▸ Assignment:
Include in the output exactly the lines from the opening of the data through the line containing "maps from monomials", and nothing more.

····················

(* Let $n\ge 1$ and let $P_n$ be the path on $n$ vertices. Then $$v(P_n)=\begin{cases}\lfloor n/4\rfloor & \text{if } n\equiv 0,1 \pmod 4,\\ \lfloor n/4\rfloor+1 & \text{if } n\equiv 2,3 \pmod 4.\end{cases}$$
   Context: Let $K$ be a field and $S=K[x_1,\dots,x_t]$ with the standard grading. For a proper graded ideal $I\subset S$, $\operatorname{Ass}(I)$ is the set of associated primes of $S/I$, and the $v$-number of $I$ is $v(I)=\min\{k\ge 0 : \exists f\in S_k \text{ and } \mathcal P\in\operatorname{Ass}(I) \text{ with } (I:f)=\mathcal P\}$. For a finite simple graph $G$ on vertex set $\{x_1,\dots,x_t\}$, the edge ideal is $I(G)=\langle x_ix_j : \{x_i,x_j\}\text{ an edge of } G\rangle\subset S$, and $v(G):=v(I(G))$. The path $P_n$ has vertices $x_1,\dots,x_n$ and edges $\{x_i,x_{i+1}\}$ for $1\le i\le n-1$. $\lfloor\cdot\rfloor$ is the integer part. *)

theory Defs
  imports Main "HOL-Library.Poly_Mapping"
begin

text \<open>Polynomials in countably many variables x_0, x_1, ... over a field 'a:
  maps from monomials (finitely supported exponent vectors) to coefficients.
  The ring S = K[x_1,...,x_t] is the subring of those polynomials involving only x_1..x_t.\<close>

type_synonym 'a mpol = "(nat \<Rightarrow>\<^sub>0 nat) \<Rightarrow>\<^sub>0 'a"
(* For $n=2,3,\dots$ let $\Omega_n=\{1,\dots,n\}$, $\mathcal P_n=\mathcal P(\Omega_n)$ and $g_n$ the Fisher co-metric on $\mathcal P_n$. Let $\{h_n\}_{n\ge2}$ be given, where $h_n$ is a contravariant tensor field of degree 2 on $\mathcal P_n$ mapping each $p\in\mathcal P_n$ continuously to a non-degenerate symmetric bilinear form $h_{n,p}:T_p^*(\mathcal P_n)^2\to\mathbb R$. The following are equivalent: (i) there is $c\in\mathbb R\setminus\{0\}$ with $h_n=c\,g_n$ for all $n$; (ii) for all $m\le n$ and every pair of a Markov embedding $\Phi:\mathcal P_m\to\mathcal P_n$ and a Markov co-embedding $\Psi:\mathcal P_n\to\mathcal P_m$ with $\Psi\circ\Phi=\mathrm{id}_{\mathcal P_m}$, $$h_{m,p}(\alpha_p,\Phi^*_p\beta_{\Phi(p)})=h_{n,\Phi(p)}(\Psi^*_{\Phi(p)}\alpha_p,\beta_{\Phi(p)})\quad\forall p\in\mathcal P_m,\ \alpha_p\in T^*_p(\mathcal P_m),\ \beta_{\Phi(p)}\in T^*_{\Phi(p)}(\mathcal P_n).$$
   Context: $\mathcal P(\Omega)$ is the manifold of strictly positive probability distributions on a finite set $\Omega$. The Fisher co-metric on $T^*_p(\mathcal P(\Omega))$ is $g_p((d\langle A\rangle)_p,(d\langle B\rangle)_p)=\mathrm{Cov}_p(A,B)$, where $\langle A\rangle(p)=\sum_\omega p(\omega)A(\omega)$. A Markov map $\mathcal P_m\to\mathcal P_n$ is a map $p\mapsto\sum_xW(\cdot|x)p(x)$ for a channel $W$ with $\forall y\,\exists x\,W(y|x)>0$. A Markov map $\Phi$ is a Markov embedding if some Markov map $\Psi$ satisfies $\Psi\circ\Phi=\mathrm{id}$; such $\Psi$ is a Markov co-embedding. $\Phi^*_p$, $\Psi^*_q$ denote transposes of the differentials $(d\Phi)_p$, $(d\Psi)_q$. *)

theory Defs
  imports "HOL-Analysis.Analysis"
begin

text \<open>Omega_n = {1..n} is represented by the index set {..<n} = {0,...,n-1}.
  Points, tangent_vec vectors and random variables are functions nat => real;
  points and tangent_vec vectors are required to vanish outside {..<n}.\<close>

definition prob_simplex :: "nat \<Rightarrow> (nat \<Rightarrow> real) set" where
  "prob_simplex n = {p. (\<forall>i<n. 0 < p i) \<and> (\<forall>i\<ge>n. p i = 0) \<and> (\<Sum>i<n. p i) = 1}"

definition tangent_vec :: "nat \<Rightarrow> (nat \<Rightarrow> real) \<Rightarrow> bool" where
  "tangent_vec n v \<longleftrightarrow> (\<forall>i\<ge>n. v i = 0) \<and> (\<Sum>i<n. v i) = 0"

text \<open>The covector (d<A>)_p applied to a tangent_vec vector v (independent of p).\<close>
definition dexp :: "nat \<Rightarrow> (nat \<Rightarrow> real) \<Rightarrow> (nat \<Rightarrow> real) \<Rightarrow> real" where
  "dexp n A v = (\<Sum>i<n. A i * v i)"

definition cov_eq :: "nat \<Rightarrow> (nat \<Rightarrow> real) \<Rightarrow> (nat \<Rightarrow> real) \<Rightarrow> bool" where
  "cov_eq n A B \<longleftrightarrow> (\<forall>v. tangent_vec n v \<longrightarrow> dexp n A v = dexp n B v)"

text \<open>Expectation and Fisher co-metric g_p(d<A>, d<B>) = Cov_p(A,B).\<close>
definition expect :: "nat \<Rightarrow> (nat \<Rightarrow> real) \<Rightarrow> (nat \<Rightarrow> real) \<Rightarrow> real" where
  "expect n p A = (\<Sum>i<n. p i * A i)"

definition fisher :: "nat \<Rightarrow> (nat \<Rightarrow> real) \<Rightarrow> (nat \<Rightarrow> real) \<Rightarrow> (nat \<Rightarrow> real) \<Rightarrow> real" where
  "fisher n p A B = expect n p (\<lambda>i. A i * B i) - expect n p A * expect n p B"

text \<open>Channels W y x = W(y|x) from Omega_m to Omega_n, with the Markov condition.\<close>
definition markov_channel :: "nat \<Rightarrow> nat \<Rightarrow> (nat \<Rightarrow> nat \<Rightarrow> real) \<Rightarrow> bool" where
  "markov_channel m n W \<longleftrightarrow>
     (\<forall>x<m. \<forall>y<n. 0 \<le> W y x) \<and> (\<forall>x<m. (\<Sum>y<n. W y x) = 1) \<and>
     (\<forall>y<n. \<exists>x<m. 0 < W y x)"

····················

▸ Output of the task:
(* Let $n\ge 1$ and let $P_n$ be the path on $n$ vertices. Then $$v(P_n)=\begin{cases}\lfloor n/4\rfloor & \text{if } n\equiv 0,1 \pmod 4,\\ \lfloor n/4\rfloor+1 & \text{if } n\equiv 2,3 \pmod 4.\end{cases}$$
   Context: Let $K$ be a field and $S=K[x_1,\dots,x_t]$ with the standard grading. For a proper graded ideal $I\subset S$, $\operatorname{Ass}(I)$ is the set of associated primes of $S/I$, and the $v$-number of $I$ is $v(I)=\min\{k\ge 0 : \exists f\in S_k \text{ and } \mathcal P\in\operatorname{Ass}(I) \text{ with } (I:f)=\mathcal P\}$. For a finite simple graph $G$ on vertex set $\{x_1,\dots,x_t\}$, the edge ideal is $I(G)=\langle x_ix_j : \{x_i,x_j\}\text{ an edge of } G\rangle\subset S$, and $v(G):=v(I(G))$. The path $P_n$ has vertices $x_1,\dots,x_n$ and edges $\{x_i,x_{i+1}\}$ for $1\le i\le n-1$. $\lfloor\cdot\rfloor$ is the integer part. *)

theory Defs
  imports Main "HOL-Library.Poly_Mapping"
begin

text \<open>Polynomials in countably many variables x_0, x_1, ... over a field 'a:
  maps from monomials (finitely supported exponent vectors) to coefficients.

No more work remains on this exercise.